* _WHAT IS EXPECTED_
Gather each line in the entries that includes the string "ultimately".

Saved entries
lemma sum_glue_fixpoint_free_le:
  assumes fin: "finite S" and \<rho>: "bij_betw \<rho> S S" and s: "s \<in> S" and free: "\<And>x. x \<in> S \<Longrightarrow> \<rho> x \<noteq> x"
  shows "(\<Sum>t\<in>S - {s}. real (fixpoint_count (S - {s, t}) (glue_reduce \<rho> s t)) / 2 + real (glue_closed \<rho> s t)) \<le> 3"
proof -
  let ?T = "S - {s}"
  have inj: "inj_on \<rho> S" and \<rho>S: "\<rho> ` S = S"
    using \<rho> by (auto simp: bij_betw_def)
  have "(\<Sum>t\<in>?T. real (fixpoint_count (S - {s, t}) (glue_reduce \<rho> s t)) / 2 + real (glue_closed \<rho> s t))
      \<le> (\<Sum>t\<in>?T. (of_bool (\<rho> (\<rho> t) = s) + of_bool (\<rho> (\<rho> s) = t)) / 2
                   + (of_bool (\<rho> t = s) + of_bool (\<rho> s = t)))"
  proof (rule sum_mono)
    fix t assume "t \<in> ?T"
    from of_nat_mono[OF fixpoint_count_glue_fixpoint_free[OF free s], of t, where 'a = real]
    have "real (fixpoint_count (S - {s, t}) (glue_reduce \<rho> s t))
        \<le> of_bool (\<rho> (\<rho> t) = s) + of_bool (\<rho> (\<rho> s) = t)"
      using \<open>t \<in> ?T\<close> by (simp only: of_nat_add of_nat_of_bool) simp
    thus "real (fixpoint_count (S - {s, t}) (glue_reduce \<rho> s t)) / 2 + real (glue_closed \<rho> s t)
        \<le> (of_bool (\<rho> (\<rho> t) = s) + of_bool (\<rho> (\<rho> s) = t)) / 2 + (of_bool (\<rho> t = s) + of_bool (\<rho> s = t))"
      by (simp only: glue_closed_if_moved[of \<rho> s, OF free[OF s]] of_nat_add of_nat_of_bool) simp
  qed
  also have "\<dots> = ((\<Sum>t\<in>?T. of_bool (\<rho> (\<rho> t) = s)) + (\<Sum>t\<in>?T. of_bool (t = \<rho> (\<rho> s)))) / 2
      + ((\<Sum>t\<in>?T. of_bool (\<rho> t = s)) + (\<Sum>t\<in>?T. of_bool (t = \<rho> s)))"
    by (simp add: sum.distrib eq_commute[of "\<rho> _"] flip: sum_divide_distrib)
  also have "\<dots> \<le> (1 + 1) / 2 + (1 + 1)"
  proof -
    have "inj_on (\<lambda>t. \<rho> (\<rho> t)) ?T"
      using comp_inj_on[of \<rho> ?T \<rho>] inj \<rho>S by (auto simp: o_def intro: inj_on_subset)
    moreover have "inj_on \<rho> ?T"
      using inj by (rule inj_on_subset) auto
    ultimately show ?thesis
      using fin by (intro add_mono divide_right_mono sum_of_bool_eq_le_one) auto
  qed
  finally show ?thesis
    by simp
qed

==

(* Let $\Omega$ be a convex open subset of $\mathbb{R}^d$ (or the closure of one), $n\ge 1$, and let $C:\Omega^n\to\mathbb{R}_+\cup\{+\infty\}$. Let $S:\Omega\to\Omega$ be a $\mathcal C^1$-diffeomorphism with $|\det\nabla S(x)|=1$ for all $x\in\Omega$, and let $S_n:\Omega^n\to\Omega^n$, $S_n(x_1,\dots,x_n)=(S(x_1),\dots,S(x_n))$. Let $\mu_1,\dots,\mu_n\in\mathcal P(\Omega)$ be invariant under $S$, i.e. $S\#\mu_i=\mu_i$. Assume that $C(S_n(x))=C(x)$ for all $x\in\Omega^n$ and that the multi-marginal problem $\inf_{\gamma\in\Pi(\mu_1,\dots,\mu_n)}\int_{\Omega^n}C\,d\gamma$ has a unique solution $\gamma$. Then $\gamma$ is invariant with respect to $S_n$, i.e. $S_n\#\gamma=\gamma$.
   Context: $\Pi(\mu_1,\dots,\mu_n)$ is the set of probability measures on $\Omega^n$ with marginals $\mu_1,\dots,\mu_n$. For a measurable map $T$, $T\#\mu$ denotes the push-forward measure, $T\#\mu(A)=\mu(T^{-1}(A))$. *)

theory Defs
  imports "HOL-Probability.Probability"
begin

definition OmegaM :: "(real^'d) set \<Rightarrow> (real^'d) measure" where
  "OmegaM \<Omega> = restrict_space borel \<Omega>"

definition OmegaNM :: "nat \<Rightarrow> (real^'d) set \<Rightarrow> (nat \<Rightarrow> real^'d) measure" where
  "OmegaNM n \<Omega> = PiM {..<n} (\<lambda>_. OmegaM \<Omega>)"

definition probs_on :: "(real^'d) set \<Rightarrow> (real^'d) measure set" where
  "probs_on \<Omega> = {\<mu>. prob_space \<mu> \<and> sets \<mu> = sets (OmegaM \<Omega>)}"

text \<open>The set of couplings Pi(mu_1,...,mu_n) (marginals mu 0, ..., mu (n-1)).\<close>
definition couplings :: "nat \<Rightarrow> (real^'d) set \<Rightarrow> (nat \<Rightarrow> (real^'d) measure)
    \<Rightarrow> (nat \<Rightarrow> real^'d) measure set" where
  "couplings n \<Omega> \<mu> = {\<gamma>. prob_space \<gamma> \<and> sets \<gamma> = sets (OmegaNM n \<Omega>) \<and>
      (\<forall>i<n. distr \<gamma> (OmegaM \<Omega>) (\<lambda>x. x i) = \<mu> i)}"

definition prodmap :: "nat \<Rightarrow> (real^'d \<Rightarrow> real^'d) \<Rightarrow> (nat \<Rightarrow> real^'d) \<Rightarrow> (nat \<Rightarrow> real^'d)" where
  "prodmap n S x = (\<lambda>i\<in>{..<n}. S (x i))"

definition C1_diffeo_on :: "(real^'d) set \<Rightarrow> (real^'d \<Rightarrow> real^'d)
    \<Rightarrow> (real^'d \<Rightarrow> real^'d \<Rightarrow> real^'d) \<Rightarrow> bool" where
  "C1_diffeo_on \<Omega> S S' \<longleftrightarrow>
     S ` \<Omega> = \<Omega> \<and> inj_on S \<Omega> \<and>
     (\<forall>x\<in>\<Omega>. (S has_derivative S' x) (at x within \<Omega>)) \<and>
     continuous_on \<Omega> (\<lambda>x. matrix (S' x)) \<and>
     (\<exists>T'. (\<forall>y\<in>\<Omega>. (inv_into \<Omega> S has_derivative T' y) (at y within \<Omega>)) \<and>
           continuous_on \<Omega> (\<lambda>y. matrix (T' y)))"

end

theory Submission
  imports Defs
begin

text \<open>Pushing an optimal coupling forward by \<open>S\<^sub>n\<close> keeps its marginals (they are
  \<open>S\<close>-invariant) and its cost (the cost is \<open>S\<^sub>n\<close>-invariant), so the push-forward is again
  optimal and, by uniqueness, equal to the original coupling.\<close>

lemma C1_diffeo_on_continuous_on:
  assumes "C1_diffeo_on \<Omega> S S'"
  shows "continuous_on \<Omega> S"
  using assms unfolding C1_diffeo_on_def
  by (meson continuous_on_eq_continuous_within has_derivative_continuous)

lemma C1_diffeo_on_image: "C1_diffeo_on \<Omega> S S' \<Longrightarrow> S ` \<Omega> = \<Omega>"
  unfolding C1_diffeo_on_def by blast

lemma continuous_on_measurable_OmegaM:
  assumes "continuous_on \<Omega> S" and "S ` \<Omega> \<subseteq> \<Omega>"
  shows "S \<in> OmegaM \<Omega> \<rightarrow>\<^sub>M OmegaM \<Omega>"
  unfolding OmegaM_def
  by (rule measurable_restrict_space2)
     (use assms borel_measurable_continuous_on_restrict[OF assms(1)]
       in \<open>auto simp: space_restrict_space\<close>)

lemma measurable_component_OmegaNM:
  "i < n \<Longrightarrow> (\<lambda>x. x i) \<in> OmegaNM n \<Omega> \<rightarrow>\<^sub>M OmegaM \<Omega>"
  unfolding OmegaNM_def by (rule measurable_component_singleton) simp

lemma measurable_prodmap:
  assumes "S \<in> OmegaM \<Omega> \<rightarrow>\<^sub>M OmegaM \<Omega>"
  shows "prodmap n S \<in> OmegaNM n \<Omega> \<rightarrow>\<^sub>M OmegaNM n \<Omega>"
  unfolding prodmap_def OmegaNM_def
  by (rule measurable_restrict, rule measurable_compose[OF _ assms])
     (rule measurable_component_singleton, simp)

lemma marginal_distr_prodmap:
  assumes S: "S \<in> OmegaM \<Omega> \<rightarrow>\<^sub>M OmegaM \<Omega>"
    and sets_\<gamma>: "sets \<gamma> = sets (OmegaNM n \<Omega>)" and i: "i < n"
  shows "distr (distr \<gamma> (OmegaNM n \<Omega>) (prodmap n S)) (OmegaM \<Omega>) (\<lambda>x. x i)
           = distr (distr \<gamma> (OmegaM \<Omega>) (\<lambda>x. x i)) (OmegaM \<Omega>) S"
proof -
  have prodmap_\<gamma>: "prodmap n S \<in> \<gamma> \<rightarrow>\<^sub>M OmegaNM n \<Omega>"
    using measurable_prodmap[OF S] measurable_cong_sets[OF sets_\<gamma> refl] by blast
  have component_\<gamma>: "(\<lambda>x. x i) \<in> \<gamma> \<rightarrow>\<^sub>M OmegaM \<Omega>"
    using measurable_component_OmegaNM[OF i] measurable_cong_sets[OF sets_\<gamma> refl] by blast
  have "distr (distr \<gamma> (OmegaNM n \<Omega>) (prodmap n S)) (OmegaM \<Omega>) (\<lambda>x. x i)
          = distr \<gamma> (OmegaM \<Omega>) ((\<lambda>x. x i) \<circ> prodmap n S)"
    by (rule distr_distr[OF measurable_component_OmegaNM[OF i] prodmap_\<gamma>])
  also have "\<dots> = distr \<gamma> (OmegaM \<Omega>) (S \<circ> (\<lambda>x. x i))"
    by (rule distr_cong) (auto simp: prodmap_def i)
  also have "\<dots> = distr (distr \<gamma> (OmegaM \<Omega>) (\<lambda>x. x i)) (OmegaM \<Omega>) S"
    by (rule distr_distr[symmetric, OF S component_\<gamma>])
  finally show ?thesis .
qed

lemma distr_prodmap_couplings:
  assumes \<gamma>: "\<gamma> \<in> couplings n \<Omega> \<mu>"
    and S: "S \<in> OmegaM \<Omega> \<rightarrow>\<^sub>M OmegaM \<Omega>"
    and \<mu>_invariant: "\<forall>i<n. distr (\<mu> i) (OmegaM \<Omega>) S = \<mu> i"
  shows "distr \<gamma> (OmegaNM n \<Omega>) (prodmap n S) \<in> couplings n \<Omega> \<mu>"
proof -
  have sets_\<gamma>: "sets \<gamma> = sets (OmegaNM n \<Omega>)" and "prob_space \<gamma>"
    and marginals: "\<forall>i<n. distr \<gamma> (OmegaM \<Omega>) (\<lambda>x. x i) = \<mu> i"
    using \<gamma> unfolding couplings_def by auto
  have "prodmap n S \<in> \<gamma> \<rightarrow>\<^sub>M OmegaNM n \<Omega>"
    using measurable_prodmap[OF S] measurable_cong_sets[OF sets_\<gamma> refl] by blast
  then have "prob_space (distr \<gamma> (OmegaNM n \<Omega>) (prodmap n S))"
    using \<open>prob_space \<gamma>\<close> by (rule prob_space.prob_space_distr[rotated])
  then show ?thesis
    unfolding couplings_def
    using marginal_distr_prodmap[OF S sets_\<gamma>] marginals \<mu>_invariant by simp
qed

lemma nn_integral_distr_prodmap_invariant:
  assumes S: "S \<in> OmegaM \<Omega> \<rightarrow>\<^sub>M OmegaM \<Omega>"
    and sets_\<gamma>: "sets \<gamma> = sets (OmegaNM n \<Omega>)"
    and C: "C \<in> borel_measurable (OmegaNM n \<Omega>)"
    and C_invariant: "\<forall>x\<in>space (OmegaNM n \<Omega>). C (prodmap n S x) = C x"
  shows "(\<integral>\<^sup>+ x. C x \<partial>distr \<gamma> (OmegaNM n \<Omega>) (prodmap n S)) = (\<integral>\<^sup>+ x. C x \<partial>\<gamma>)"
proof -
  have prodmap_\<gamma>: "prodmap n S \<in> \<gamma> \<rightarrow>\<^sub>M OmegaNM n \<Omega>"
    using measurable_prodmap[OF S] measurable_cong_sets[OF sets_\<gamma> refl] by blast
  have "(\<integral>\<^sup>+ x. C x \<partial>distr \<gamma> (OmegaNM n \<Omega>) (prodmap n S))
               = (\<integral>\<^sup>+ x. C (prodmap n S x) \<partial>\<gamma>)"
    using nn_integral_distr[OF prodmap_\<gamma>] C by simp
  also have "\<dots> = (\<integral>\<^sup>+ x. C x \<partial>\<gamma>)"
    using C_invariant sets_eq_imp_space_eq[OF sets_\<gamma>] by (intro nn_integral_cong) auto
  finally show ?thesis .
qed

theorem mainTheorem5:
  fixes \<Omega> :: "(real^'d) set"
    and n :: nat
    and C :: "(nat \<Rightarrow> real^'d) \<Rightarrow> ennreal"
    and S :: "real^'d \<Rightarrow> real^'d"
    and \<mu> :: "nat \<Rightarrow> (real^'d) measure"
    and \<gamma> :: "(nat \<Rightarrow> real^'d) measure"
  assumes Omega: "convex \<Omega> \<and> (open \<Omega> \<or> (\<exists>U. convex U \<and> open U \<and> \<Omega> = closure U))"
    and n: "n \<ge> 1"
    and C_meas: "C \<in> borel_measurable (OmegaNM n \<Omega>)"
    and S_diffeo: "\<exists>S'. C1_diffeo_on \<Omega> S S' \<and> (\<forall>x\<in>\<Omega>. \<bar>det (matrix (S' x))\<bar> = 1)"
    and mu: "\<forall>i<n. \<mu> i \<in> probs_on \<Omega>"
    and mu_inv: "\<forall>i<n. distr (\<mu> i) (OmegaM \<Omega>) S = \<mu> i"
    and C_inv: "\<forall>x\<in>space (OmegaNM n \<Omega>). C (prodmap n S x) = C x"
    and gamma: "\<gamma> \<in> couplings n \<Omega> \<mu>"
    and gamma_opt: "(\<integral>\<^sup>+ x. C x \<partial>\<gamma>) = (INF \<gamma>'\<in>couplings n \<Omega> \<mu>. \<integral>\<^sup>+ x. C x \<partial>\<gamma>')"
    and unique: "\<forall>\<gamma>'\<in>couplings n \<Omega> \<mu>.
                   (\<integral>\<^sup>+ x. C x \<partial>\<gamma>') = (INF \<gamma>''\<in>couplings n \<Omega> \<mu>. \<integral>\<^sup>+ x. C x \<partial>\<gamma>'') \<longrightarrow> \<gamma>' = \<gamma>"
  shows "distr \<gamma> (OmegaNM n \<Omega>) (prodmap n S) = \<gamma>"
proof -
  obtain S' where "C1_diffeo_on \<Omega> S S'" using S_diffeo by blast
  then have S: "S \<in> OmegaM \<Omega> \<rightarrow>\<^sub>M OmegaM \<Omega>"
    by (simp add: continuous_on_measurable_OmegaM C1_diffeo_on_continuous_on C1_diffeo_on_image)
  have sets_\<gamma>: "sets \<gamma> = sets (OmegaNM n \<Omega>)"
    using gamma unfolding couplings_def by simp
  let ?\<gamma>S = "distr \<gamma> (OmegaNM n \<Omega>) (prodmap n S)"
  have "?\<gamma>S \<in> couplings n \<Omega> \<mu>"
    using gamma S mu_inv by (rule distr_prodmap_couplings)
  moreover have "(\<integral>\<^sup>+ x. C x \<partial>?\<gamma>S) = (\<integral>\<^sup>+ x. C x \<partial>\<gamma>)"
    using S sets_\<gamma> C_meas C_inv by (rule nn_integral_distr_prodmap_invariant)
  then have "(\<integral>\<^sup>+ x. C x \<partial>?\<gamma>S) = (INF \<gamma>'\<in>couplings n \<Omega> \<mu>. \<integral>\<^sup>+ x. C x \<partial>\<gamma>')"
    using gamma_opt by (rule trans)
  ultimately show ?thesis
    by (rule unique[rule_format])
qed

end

* _WRITTEN SOLUTION_
    ultimately show ?thesis
  ultimately show ?thesis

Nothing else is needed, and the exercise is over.